Inside the galleries you’ll see row upon row of lookalike carvings and color-by-number images of villagers fishing, stereotypical market scenes, fantastical birds from the island’s Hindu lore, predictably posed nude figures, mass-produced half-life-sized copies of dramatic masks, and “custom-made” reproductions of antiques.

On a weekend afternoon, the galleries are packed with tourists. Yet it’s often deserted over at Ubud’s Puri Lukisan museum-where for 35 American cents you can marvel at the bygone genius of Balinese painting. The island’s two principal museums, in Ubud and Denpasar, lack the money to continue buying contemporary works. As a result, the really remarkable, high-quality pieces are bought up by discerning tourists or foreign art dealers, taken overseas, and lost to Bali forever.

Performing Arts

With over 100 troupes on the island, dance is at the very center of Balinese life and will probably be the most impressive thing you’ll see and remember. In all, there are over 200 kinds of dances, though only around 20 are performed regularly, many still religious and each a composite of not only dance but also drama, music, spoken poetry, opera, and song.

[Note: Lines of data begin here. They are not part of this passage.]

(* Let $\sigma$ be a reasonable strategy of player $0$ in the escape arena $\mathcal{A}_\bot$ and $I_\sigma$ its set of improvements. Then every direct improvement $\sigma'$ of $\sigma$ satisfies $\sigma'\preceq I_\sigma$, i.e. $\mathcal{V}_{\sigma'}(s)\preceq\mathcal{V}_{I_\sigma}(s)$ for all vertices $s$.
   Context: Parity game arena: $\mathcal{A}=(V,E,o,c)$ with $V$ finite, $E\subseteq V\times V$, every vertex has a successor, owner map $o:V\to\{0,1\}$, colouring $c:V\to\{0,\dots,d-1\}$; $V_i=o^{-1}(i)$. An infinite vertex sequence is won by player $0$ (parity condition) iff the largest colour occurring infinitely often is even. A cycle $s_0\dots s_n$ ($s_{j+1}\in s_jE$, $s_0\in s_nE$) is $i$-dominated if its largest colour has parity $i$. Escape arena $\mathcal{A}_\bot$: vertices $V\cup\{\bot\}$, edges $E_\bot=E\cup(V_0\times\{\bot\})$, $\bot$ owned by player $0$ with no outgoing edges. Let $E_0=E_\bot\cap (V_0\times(V\cup\{\bot\}))$, $E_1=E\cap(V_1\times V)$. A strategy of player $i$ is a set $\sigma\subseteq E_i$ with $s\sigma\neq\emptyset$ for all $s\in V_i$. $\mathcal{A}_\bot|_{\sigma,\tau}$ is the graph with edge set $\sigma\cup\tau$, $\mathcal{A}_\bot|_\sigma$ the graph with edge set $\sigma\cup E_1$; a play is a maximal path (infinite or ending in $\bot$). Colour profiles: $\mathcal{P}=\mathbb{Z}^d\cup\{-\infty,\infty\}$, $\text{\o}$ the zero vector. $\wp(s)$ ($s\in V$) is the unit vector at coordinate $c(s)$; for a finite path $\wp$ is the sum over its vertices in $V$; for an infinite play $\wp=\infty$ if won by player $0$ under the parity condition, else $-\infty$. Addition componentwise, $x+\infty=\infty$, $x+(-\infty)=-\infty$. Total order $\prec$: $-\infty$ least, $\infty$ greatest; for distinct $p,p'\in\mathbb{Z}^d$ with $k$ the largest index where they differ, $p\prec p'$ iff ($k$ even and $p_k<p'_k$) or ($k$ odd and $p_k>p'_k$). Valuation of a player-$0$ strategy $\sigma$: $\mathcal{V}_\sigma(\bot)=\text{\o}$, and for $s\in V$, $\mathcal{V}_\sigma(s)=\min^{\prec}_{\tau}\max^{\prec}\{\wp(\pi)\mid\pi\text{ a play in }\mathcal{A}_\bot|_{\sigma,\tau}\text{ from }s\}$, min over player-$1$ strategies. $\sigma$ is reasonable if $\mathcal{A}_\bot|_\sigma$ has no $1$-dominated cycle. For strategies, $\sigma_a\preceq\sigma_b$ iff $\mathcal{V}_{\sigma_a}(s)\preceq\mathcal{V}_{\sigma_b}(s)$ for all $s$. For reasonable $\sigma$, $(s,t)\in E_0$ is an improvement if $\mathcal{V}_\sigma(s)\preceq\wp(s)+\mathcal{V}_\sigma(t)$; $I_\sigma$ is the set of all improvements. A direct improvement of $\sigma$ is a player-$0$ strategy $\sigma'\subseteq I_\sigma$. *)

theory Defs
  imports Main
begin

text \<open>The escape arena uses the vertex type 'v option: Some v is the vertex v of V,
  None is the escape vertex bot.\<close>

definition arena :: "'v set \<Rightarrow> ('v \<times> 'v) set \<Rightarrow> 'v set \<Rightarrow> ('v \<Rightarrow> nat) \<Rightarrow> nat \<Rightarrow> bool" where
  "arena V E V0 c d \<longleftrightarrow> finite V \<and> E \<subseteq> V \<times> V \<and> (\<forall>v\<in>V. \<exists>w. (v, w) \<in> E)
     \<and> V0 \<subseteq> V \<and> (\<forall>v\<in>V. c v < d)"

definition Ebot :: "('v \<times> 'v) set \<Rightarrow> 'v set \<Rightarrow> ('v option \<times> 'v option) set" where
  "Ebot E V0 = {(Some u, Some v) | u v. (u, v) \<in> E} \<union> {(Some u, None) | u. u \<in> V0}"

definition E0 :: "('v \<times> 'v) set \<Rightarrow> 'v set \<Rightarrow> ('v option \<times> 'v option) set" where
  "E0 E V0 = {(s, t) \<in> Ebot E V0. \<exists>u\<in>V0. s = Some u}"

definition E1 :: "'v set \<Rightarrow> ('v \<times> 'v) set \<Rightarrow> 'v set \<Rightarrow> ('v option \<times> 'v option) set" where
  "E1 V E V0 = {(Some u, Some v) | u v. (u, v) \<in> E \<and> u \<in> V - V0}"

definition strategy0 :: "('v \<times> 'v) set \<Rightarrow> 'v set \<Rightarrow> ('v option \<times> 'v option) set \<Rightarrow> bool" where
  "strategy0 E V0 \<sigma> \<longleftrightarrow> \<sigma> \<subseteq> E0 E V0 \<and> (\<forall>s\<in>V0. \<exists>t. (Some s, t) \<in> \<sigma>)"

definition strategy1 :: "'v set \<Rightarrow> ('v \<times> 'v) set \<Rightarrow> 'v set \<Rightarrow> ('v option \<times> 'v option) set \<Rightarrow> bool" where
  "strategy1 V E V0 \<tau> \<longleftrightarrow> \<tau> \<subseteq> E1 V E V0 \<and> (\<forall>s\<in>V - V0. \<exists>t. (Some s, t) \<in> \<tau>)"

text \<open>Colour profiles: Z^d (as functions nat => int, only coordinates < d matter;
  all profiles arising are zero outside {0..<d}) together with -infinity and +infinity.\<close>
datatype prof = NInf | Fin "nat \<Rightarrow> int" | PInf

definition pzero :: prof where "pzero = Fin (\<lambda>_. 0)"

definition punit :: "nat \<Rightarrow> prof" where "punit k = Fin (\<lambda>i. if i = k then 1 else 0)"

fun padd :: "prof \<Rightarrow> prof \<Rightarrow> prof" where
  "padd (Fin a) (Fin b) = Fin (\<lambda>i. a i + b i)"
| "padd _ PInf = PInf"
| "padd _ NInf = NInf"
| "padd PInf _ = PInf"
| "padd NInf _ = NInf"

fun prof_less :: "nat \<Rightarrow> prof \<Rightarrow> prof \<Rightarrow> bool" where
  "prof_less d NInf NInf = False"
| "prof_less d NInf _ = True"
| "prof_less d _ NInf = False"
| "prof_less d PInf _ = False"
| "prof_less d _ PInf = True"
| "prof_less d (Fin a) (Fin b) =
     (\<exists>k<d. (\<forall>i. k < i \<and> i < d \<longrightarrow> a i = b i) \<and>
            ((even k \<and> a k < b k) \<or> (odd k \<and> a k > b k)))"

definition prof_le :: "nat \<Rightarrow> prof \<Rightarrow> prof \<Rightarrow> bool" where
  "prof_le d p q \<longleftrightarrow> p = q \<or> prof_less d p q"

definition pmax :: "nat \<Rightarrow> prof set \<Rightarrow> prof" where
  "pmax d S = (THE x. x \<in> S \<and> (\<forall>y\<in>S. prof_le d y x))"

definition pmin :: "nat \<Rightarrow> prof set \<Rightarrow> prof" where
  "pmin d S = (THE x. x \<in> S \<and> (\<forall>y\<in>S. prof_le d x y))"

definition path_prof :: "('v \<Rightarrow> nat) \<Rightarrow> 'v option list \<Rightarrow> prof" where
  "path_prof c xs = Fin (\<lambda>i. int (length (filter (\<lambda>x. x \<noteq> None \<and> c (the x) = i) xs)))"

definition inf_prof :: "('v \<Rightarrow> nat) \<Rightarrow> (nat \<Rightarrow> 'v option) \<Rightarrow> prof" where
  "inf_prof c \<pi> = (if even (Max {k. \<exists>\<^sub>\<infinity>n. c (the (\<pi> n)) = k}) then PInf else NInf)"

definition play_profs :: "('v \<Rightarrow> nat) \<Rightarrow> ('v option \<times> 'v option) set \<Rightarrow> 'v option \<Rightarrow> prof set" where
  "play_profs c F s =
     {path_prof c xs | xs. xs \<noteq> [] \<and> hd xs = s \<and>
        (\<forall>i. Suc i < length xs \<longrightarrow> (xs ! i, xs ! Suc i) \<in> F) \<and> (\<nexists>t. (last xs, t) \<in> F)}
   \<union> {inf_prof c \<pi> | \<pi>. \<pi> 0 = s \<and> (\<forall>n. (\<pi> n, \<pi> (Suc n)) \<in> F)}"

definition val :: "'v set \<Rightarrow> ('v \<times> 'v) set \<Rightarrow> 'v set \<Rightarrow> ('v \<Rightarrow> nat) \<Rightarrow> nat \<Rightarrow>
    ('v option \<times> 'v option) set \<Rightarrow> 'v option \<Rightarrow> prof" where
  "val V E V0 c d \<sigma> s =
     (if s = None then pzero
      else pmin d {pmax d (play_profs c (\<sigma> \<union> \<tau>) s) | \<tau>. strategy1 V E V0 \<tau>})"

definition reasonable :: "'v set \<Rightarrow> ('v \<times> 'v) set \<Rightarrow> 'v set \<Rightarrow> ('v \<Rightarrow> nat) \<Rightarrow>
    ('v option \<times> 'v option) set \<Rightarrow> bool" where
  "reasonable V E V0 c \<sigma> \<longleftrightarrow>
     \<not> (\<exists>xs. xs \<noteq> [] \<and>
          (\<forall>i<length xs. (xs ! i, xs ! ((Suc i) mod length xs)) \<in> \<sigma> \<union> E1 V E V0) \<and>
          odd (Max ((\<lambda>x. c (the x)) ` set xs)))"

definition improvements :: "'v set \<Rightarrow> ('v \<times> 'v) set \<Rightarrow> 'v set \<Rightarrow> ('v \<Rightarrow> nat) \<Rightarrow> nat \<Rightarrow>
    ('v option \<times> 'v option) set \<Rightarrow> ('v option \<times> 'v option) set" where
  "improvements V E V0 c d \<sigma> =
     {(s, t) \<in> E0 E V0. prof_le d (val V E V0 c d \<sigma> s)
                          (padd (punit (c (the s))) (val V E V0 c d \<sigma> t))}"

end

theory Submission
  imports Defs "HOL-Library.Omega_Words_Fun"
begin

text \<open>Since \<open>\<sigma>' \<subseteq> I\<^sub>\<sigma>\<close>, for every counter-strategy \<open>\<tau>\<close> of player 1 each play of
  \<open>\<sigma>' \<union> \<tau>\<close> is a play of \<open>I\<^sub>\<sigma> \<union> \<tau>\<close>: the two graphs have the same dead end \<open>\<bottom>\<close>, as
  \<open>\<sigma>'\<close> already leaves every vertex of player 0. The maximum over a larger set of
  profiles is larger, and minimising over \<open>\<tau>\<close> preserves this.

  What needs work is that these maxima exist for the order \<open>\<prec>\<close>. From a vertex of a
  finite graph, either player 0 wins some infinite play (profile \<open>\<infinity>\<close>), or every cycle
  on a finite play is odd-dominated and cutting it out increases the profile; then the
  maximum is attained among the finitely many simple plays.\<close>

section \<open>The order on colour profiles\<close>

definition prof_bounded :: "nat \<Rightarrow> prof \<Rightarrow> bool" where
  "prof_bounded d p \<longleftrightarrow> (\<forall>a. p = Fin a \<longrightarrow> (\<forall>i\<ge>d. a i = 0))"

lemma prof_less_irrefl: "\<not> prof_less d p p"
  by (cases p) auto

There are frog dances, monkey dances, bumblebee dances, epic ballets, martial dances, dances for choosing a mate, and dances to exorcise evil spirits. Dances are roughly divided into those of Hindu origin and those of animist, Old Indonesian derivation, which are usually performed in the innermost courtyard (jeroan) of the temple.

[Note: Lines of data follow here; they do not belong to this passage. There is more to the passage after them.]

definition invariant_lattice :: "'a topology \<Rightarrow> ('a \<Rightarrow> 'a) \<Rightarrow> 'a \<Rightarrow> (nat \<Rightarrow> complex) set set" where
  "invariant_lattice T \<phi> x =
     {M. closed_subspace_l2 M \<and> (\<forall>fs. A0_elem T fs \<longrightarrow> (\<forall>z\<in>M. pi_x \<phi> x fs z \<in> M))}"

definition nest_representation :: "'a topology \<Rightarrow> ('a \<Rightarrow> 'a) \<Rightarrow> 'a \<Rightarrow> bool" where
  "nest_representation T \<phi> x \<longleftrightarrow>
     (\<forall>M\<in>invariant_lattice T \<phi> x. \<forall>N\<in>invariant_lattice T \<phi> x. M \<subseteq> N \<or> N \<subseteq> M)"

definition aperiodic :: "('a \<Rightarrow> 'a) \<Rightarrow> 'a \<Rightarrow> bool" where
  "aperiodic \<phi> x \<longleftrightarrow> (\<forall>n\<ge>1. (\<phi> ^^ n) x \<noteq> x)"

end

theory Submission
  imports Defs
begin

text \<open>Since the orbit of \<open>x\<close> is injective, Urysohn's lemma yields continuous functions
  whose diagonal operators \<open>\<pi>\<^sub>x(f)\<close> approximate the coordinate projection onto any
  \<open>e\<^sub>k\<close>. Hence an invariant subspace containing a vector with nonzero \<open>k\<close>-th coordinate
  contains \<open>e\<^sub>k\<close>, and by shift invariance every \<open>e\<^sub>m\<close> with \<open>m \<ge> k\<close>. So every invariant
  subspace is the closed span of \<open>{e\<^sub>m | m \<ge> n}\<close> for some \<open>n\<close> (or is zero), and these
  subspaces form a chain.\<close>

lemma l2_dominated:
  assumes "b \<in> l2" "\<And>n. cmod (a n) \<le> cmod (b n)"
  shows "a \<in> l2" "l2_norm a \<le> l2_norm b"
proof -
  have sb: "summable (\<lambda>n. (cmod (b n))\<^sup>2)" using assms(1) by (simp add: l2_def)
  have le: "(cmod (a n))\<^sup>2 \<le> (cmod (b n))\<^sup>2" for n
    using assms(2) by (simp add: power_mono)
  have sa: "summable (\<lambda>n. (cmod (a n))\<^sup>2)"
    by (rule summable_comparison_test[OF _ sb]) (use le in auto)
  then show "a \<in> l2" by (simp add: l2_def)
  show "l2_norm a \<le> l2_norm b" unfolding l2_norm_def
    by (rule real_sqrt_le_mono, rule suminf_le[OF le sa sb])
qed

lemma l2_norm_nonneg: "a \<in> l2 \<Longrightarrow> l2_norm a \<ge> 0"
  unfolding l2_norm_def l2_def by (simp add: suminf_nonneg)

lemma l2_norm_tail_tendsto_0:
  assumes "z \<in> l2"
  shows "(\<lambda>j. l2_norm (\<lambda>n. if n \<le> j then 0 else z n)) \<longlonglongrightarrow> 0"
proof -
  let ?f = "\<lambda>n. (cmod (z n))\<^sup>2"
  have sf: "summable ?f" using assms by (simp add: l2_def)
  have tail_eq: "(\<Sum>n. (cmod (if n \<le> j then 0 else z n))\<^sup>2) = suminf ?f - (\<Sum>n<Suc j. ?f n)"
    for j
  proof -
    let ?g = "\<lambda>n. (cmod (if n \<le> j then 0 else z n))\<^sup>2"
    have sg: "summable ?g" by (rule summable_comparison_test[OF _ sf]) auto
    have "(\<Sum>n. ?g n) = (\<Sum>n. ?g (n + Suc j))"
      using suminf_split_initial_segment[OF sg, of "Suc j"] by simp
    also have "\<dots> = (\<Sum>n. ?f (n + Suc j))" by simp
    finally show ?thesis
      using suminf_split_initial_segment[OF sf, of "Suc j"] by simp
  qed
  have "(\<lambda>j. suminf ?f - (\<Sum>n<Suc j. ?f n)) \<longlonglongrightarrow> suminf ?f - suminf ?f"
    by (intro tendsto_intros LIMSEQ_Suc[OF summable_LIMSEQ] sf)
  then have "(\<lambda>j. sqrt (suminf ?f - (\<Sum>n<Suc j. ?f n))) \<longlonglongrightarrow> sqrt 0"
    by (intro tendsto_real_sqrt) simp
  then show ?thesis unfolding l2_norm_def tail_eq by simp
qed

In the classical Hindus dances, invariably there’s a princess to rescue or a kingdom to conquer. Some are danced only by women, others only by men. Each is performed in many different styles, depending on the locale and artistic influence.

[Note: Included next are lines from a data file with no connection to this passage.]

text \<open>Lambda' is the whole ring type 'a; its F-algebra structure is a ring homomorphism
  iota from the field type 'f into the centre of 'a.\<close>

definition alg_embedding :: "('f::field \<Rightarrow> 'a::ring_1) \<Rightarrow> bool" where
  "alg_embedding \<iota> \<longleftrightarrow> \<iota> 1 = 1 \<and> (\<forall>c d. \<iota> (c + d) = \<iota> c + \<iota> d) \<and>
     (\<forall>c d. \<iota> (c * d) = \<iota> c * \<iota> d) \<and> (\<forall>c a. \<iota> c * a = a * \<iota> c)"

definition subalgebra :: "('f::field \<Rightarrow> 'a::ring_1) \<Rightarrow> 'a set \<Rightarrow> bool" where
  "subalgebra \<iota> L \<longleftrightarrow> 1 \<in> L \<and> (\<forall>c. \<iota> c \<in> L) \<and> (\<forall>x\<in>L. \<forall>y\<in>L. x + y \<in> L \<and> x * y \<in> L)
     \<and> (\<forall>x\<in>L. - x \<in> L)"

definition left_ideal :: "'a::ring_1 set \<Rightarrow> bool" where
  "left_ideal I \<longleftrightarrow> 0 \<in> I \<and> (\<forall>x\<in>I. \<forall>y\<in>I. x + y \<in> I) \<and> (\<forall>x\<in>I. - x \<in> I)
     \<and> (\<forall>a. \<forall>x\<in>I. a * x \<in> I)"

definition left_artinian :: "'a::ring_1 itself \<Rightarrow> bool" where
  "left_artinian _ \<longleftrightarrow> \<not> (\<exists>f :: nat \<Rightarrow> 'a set. \<forall>n. left_ideal (f n) \<and> f (Suc n) \<subset> f n)"

definition central_unit_subgroup :: "'a::ring_1 set \<Rightarrow> bool" where
  "central_unit_subgroup Z \<longleftrightarrow> finite Z \<and> 1 \<in> Z \<and> (\<forall>z\<in>Z. \<forall>w\<in>Z. z * w \<in> Z) \<and>
     (\<forall>z\<in>Z. (\<forall>a. z * a = a * z) \<and> (\<exists>w\<in>Z. z * w = 1))"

For the most part, dance and dance-dramas have come down to us remarkably well preserved because it’s an art form zealously supported and well cultivated by the community. Old plays, completely rearranged and with recast choreography, are periodically revived by the Balinese and staged at the island-wide Denpasar Arts Festival.

Although Westerners lament that Bali’s arts have suffered from the flood of tourism – not to mention TV, video, Hollywood films, and B-grade kung fu movies – the arrival of tourists has actually preserved, fortified, and revitalized the island’s performing arts. Again, the Balinese have shown themselves to be dynamically resilient.

Over a thousand
Over a thousand years ago Chinese and Indian pilgrims to Bali were struck by the ritual and frenzy of the island’s dances and celebrations. They named the island Wali, a Sanskrit word meaning “religious festival.”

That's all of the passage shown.